• Problem: Your answer should consist solely of the lines from the first line of the data through the line with "using assms s", each reproduced exactly.

• Input for this task:

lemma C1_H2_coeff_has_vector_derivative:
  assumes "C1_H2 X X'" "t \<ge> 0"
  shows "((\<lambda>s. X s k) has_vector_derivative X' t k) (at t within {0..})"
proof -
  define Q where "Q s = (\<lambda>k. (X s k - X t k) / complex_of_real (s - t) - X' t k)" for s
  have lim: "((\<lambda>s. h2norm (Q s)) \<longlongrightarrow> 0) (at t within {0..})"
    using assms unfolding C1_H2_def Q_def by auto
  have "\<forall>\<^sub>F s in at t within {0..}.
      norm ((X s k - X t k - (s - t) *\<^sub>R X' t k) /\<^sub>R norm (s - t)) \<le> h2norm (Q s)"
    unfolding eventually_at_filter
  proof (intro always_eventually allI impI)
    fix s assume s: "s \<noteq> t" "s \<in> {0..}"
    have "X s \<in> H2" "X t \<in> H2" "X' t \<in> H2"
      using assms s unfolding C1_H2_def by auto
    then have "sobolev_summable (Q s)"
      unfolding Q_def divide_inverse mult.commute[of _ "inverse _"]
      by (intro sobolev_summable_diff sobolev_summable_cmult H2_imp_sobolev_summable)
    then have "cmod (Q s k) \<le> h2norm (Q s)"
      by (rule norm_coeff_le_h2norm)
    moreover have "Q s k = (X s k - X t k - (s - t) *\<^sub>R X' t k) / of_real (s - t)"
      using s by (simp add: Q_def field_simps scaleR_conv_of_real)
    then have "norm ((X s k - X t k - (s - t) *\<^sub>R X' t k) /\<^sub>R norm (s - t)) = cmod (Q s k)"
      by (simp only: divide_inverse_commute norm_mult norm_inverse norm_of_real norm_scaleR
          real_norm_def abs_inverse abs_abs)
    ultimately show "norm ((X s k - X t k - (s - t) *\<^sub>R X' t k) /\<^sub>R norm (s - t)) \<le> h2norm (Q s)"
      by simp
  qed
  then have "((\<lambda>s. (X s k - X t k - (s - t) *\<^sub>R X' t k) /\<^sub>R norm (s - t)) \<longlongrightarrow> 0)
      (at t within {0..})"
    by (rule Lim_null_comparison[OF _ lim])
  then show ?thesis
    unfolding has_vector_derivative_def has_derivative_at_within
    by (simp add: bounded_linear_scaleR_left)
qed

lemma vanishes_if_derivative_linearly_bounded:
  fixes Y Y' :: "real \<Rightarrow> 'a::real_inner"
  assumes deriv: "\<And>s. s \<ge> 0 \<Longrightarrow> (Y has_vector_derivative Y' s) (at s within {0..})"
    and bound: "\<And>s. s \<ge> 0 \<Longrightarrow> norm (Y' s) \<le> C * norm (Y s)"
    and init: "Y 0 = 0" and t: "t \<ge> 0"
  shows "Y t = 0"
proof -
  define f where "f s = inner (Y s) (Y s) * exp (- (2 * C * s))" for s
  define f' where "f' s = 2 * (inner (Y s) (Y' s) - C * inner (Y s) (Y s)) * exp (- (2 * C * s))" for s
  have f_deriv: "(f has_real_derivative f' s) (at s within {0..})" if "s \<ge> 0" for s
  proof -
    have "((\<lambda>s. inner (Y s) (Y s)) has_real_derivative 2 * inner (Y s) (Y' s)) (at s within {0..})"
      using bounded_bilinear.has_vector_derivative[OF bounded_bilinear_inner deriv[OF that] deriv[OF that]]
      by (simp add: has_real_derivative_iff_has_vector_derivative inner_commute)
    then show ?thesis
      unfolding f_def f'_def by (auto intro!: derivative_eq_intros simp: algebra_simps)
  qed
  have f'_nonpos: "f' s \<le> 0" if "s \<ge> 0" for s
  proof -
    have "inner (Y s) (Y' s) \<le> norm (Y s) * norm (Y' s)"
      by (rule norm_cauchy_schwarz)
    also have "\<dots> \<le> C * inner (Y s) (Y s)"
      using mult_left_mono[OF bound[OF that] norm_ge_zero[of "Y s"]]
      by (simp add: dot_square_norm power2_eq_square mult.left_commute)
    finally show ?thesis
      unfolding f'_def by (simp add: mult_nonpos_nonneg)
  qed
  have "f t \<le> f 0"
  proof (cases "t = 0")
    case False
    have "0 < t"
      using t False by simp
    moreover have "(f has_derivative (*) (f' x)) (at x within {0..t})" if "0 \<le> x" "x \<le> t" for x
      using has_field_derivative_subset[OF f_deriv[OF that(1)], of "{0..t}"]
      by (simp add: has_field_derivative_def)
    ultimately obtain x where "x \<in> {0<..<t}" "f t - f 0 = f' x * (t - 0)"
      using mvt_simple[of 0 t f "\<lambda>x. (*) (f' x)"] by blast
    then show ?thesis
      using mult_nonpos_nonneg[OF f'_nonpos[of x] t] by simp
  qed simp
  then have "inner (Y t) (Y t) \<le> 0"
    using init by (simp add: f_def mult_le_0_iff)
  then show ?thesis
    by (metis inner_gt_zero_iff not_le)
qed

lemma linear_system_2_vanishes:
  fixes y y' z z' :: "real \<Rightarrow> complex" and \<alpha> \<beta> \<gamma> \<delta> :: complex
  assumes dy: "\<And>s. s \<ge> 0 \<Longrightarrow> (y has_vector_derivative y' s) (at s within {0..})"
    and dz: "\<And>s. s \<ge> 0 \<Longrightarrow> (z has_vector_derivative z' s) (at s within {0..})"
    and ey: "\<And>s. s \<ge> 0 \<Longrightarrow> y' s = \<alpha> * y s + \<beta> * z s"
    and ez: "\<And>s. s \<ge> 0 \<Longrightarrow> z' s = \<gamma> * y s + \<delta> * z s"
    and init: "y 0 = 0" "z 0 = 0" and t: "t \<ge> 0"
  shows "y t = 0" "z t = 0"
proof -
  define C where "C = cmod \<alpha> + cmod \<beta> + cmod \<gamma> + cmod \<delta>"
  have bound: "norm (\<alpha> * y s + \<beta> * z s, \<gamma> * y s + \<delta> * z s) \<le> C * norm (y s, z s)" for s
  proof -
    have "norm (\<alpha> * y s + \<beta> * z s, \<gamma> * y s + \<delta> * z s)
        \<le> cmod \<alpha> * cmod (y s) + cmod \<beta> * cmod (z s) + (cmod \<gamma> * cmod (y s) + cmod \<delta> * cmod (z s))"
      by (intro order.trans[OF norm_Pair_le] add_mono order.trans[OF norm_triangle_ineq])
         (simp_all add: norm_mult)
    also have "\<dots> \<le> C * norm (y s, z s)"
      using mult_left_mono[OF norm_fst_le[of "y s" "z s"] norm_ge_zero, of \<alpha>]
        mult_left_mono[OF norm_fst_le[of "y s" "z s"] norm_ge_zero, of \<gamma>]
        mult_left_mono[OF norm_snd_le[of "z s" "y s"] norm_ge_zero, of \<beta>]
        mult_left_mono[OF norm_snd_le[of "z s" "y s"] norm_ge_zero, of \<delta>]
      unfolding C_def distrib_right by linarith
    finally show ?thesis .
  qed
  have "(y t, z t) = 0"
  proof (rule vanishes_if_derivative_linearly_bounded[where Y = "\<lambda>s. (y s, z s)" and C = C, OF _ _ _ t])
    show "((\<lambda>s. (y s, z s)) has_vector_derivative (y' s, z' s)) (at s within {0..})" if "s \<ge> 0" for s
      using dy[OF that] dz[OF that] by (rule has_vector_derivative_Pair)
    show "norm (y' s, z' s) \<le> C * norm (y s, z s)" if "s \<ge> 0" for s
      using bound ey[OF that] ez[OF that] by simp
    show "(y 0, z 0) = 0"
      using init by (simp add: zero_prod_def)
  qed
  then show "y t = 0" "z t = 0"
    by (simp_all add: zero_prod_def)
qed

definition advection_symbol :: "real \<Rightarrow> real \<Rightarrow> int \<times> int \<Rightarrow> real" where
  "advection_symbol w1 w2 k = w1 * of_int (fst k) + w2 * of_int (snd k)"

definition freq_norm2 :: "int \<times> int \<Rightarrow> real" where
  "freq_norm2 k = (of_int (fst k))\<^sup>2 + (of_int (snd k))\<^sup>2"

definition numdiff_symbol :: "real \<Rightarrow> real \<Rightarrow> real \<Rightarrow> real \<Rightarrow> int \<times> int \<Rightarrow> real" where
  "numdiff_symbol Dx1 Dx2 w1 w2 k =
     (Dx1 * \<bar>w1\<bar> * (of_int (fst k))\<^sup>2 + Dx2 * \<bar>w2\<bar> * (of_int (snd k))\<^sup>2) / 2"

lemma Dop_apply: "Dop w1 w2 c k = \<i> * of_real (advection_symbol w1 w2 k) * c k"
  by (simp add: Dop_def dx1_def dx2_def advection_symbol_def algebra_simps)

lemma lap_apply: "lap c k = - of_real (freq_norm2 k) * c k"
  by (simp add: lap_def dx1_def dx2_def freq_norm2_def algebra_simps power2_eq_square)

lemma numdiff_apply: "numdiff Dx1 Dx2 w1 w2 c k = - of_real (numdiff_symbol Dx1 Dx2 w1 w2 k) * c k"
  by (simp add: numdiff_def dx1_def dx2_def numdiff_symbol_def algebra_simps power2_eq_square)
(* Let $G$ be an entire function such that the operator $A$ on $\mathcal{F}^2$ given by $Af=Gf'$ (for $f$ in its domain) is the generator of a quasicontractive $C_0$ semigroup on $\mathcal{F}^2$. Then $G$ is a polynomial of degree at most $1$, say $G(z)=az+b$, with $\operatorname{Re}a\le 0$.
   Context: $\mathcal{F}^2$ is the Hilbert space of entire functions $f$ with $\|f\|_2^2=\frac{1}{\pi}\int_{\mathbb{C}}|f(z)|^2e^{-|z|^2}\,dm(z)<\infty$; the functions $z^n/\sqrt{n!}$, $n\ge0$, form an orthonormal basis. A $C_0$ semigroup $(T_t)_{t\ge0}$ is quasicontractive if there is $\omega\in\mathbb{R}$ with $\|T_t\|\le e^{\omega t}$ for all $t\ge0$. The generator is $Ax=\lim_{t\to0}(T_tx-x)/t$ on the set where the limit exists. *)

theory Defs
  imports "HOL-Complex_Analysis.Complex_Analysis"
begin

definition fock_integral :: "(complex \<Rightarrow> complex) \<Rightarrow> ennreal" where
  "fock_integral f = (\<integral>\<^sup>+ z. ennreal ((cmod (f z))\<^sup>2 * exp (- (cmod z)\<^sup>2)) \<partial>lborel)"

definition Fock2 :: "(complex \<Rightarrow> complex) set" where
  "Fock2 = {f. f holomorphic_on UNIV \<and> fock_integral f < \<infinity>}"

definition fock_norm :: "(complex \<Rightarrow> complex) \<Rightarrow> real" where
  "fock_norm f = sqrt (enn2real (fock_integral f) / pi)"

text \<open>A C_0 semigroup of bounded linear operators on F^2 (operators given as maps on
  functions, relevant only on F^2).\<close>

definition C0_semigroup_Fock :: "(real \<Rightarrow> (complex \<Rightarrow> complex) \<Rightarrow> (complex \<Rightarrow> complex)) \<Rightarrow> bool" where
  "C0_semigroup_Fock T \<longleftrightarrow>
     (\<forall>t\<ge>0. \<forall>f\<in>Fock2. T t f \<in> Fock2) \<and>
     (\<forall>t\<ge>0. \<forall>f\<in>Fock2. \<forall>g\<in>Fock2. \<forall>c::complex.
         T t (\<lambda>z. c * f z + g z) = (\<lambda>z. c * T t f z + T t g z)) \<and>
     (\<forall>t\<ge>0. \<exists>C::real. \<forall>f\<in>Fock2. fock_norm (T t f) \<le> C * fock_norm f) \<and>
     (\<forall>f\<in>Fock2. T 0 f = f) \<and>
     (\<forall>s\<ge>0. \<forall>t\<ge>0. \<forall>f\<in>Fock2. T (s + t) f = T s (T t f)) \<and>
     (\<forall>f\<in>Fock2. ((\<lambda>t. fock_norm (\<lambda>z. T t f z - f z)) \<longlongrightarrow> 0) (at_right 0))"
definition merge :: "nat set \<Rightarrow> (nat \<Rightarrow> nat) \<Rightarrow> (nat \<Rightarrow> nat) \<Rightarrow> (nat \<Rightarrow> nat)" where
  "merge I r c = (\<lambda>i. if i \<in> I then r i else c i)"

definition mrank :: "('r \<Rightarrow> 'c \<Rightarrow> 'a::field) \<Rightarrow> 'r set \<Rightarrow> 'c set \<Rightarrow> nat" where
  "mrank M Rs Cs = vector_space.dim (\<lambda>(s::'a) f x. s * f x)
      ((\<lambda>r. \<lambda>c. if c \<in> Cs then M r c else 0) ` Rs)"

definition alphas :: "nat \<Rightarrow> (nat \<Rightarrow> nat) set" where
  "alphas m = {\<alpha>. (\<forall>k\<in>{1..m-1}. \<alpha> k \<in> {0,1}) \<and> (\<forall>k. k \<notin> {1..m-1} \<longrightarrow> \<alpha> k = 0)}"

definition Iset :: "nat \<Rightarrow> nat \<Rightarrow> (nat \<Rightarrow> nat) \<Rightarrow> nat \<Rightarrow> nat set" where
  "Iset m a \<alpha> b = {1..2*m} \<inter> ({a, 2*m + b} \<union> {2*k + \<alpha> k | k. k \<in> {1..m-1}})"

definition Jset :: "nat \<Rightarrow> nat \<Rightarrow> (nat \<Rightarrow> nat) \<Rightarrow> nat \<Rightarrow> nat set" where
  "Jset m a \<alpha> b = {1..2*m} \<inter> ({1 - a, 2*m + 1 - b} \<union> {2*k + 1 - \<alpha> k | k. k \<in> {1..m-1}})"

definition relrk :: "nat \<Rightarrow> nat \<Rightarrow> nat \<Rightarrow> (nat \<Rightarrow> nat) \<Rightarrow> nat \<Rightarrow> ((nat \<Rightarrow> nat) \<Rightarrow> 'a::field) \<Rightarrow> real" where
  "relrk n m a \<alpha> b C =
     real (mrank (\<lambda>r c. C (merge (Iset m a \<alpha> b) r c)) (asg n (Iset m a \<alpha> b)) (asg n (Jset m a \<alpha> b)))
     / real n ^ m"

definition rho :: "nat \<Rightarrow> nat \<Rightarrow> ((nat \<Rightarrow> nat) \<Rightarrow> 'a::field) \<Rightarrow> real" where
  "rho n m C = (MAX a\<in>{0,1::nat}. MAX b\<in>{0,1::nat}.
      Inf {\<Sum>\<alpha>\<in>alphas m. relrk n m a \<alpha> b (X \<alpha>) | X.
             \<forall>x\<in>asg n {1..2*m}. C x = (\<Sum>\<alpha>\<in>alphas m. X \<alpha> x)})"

• Final answer:
lemma C1_H2_coeff_has_vector_derivative:
  assumes "C1_H2 X X'" "t \<ge> 0"
  shows "((\<lambda>s. X s k) has_vector_derivative X' t k) (at t within {0..})"
proof -
  define Q where "Q s = (\<lambda>k. (X s k - X t k) / complex_of_real (s - t) - X' t k)" for s
  have lim: "((\<lambda>s. h2norm (Q s)) \<longlongrightarrow> 0) (at t within {0..})"
    using assms unfolding C1_H2_def Q_def by auto
  have "\<forall>\<^sub>F s in at t within {0..}.
      norm ((X s k - X t k - (s - t) *\<^sub>R X' t k) /\<^sub>R norm (s - t)) \<le> h2norm (Q s)"
    unfolding eventually_at_filter
  proof (intro always_eventually allI impI)
    fix s assume s: "s \<noteq> t" "s \<in> {0..}"
    have "X s \<in> H2" "X t \<in> H2" "X' t \<in> H2"
      using assms s unfolding C1_H2_def by auto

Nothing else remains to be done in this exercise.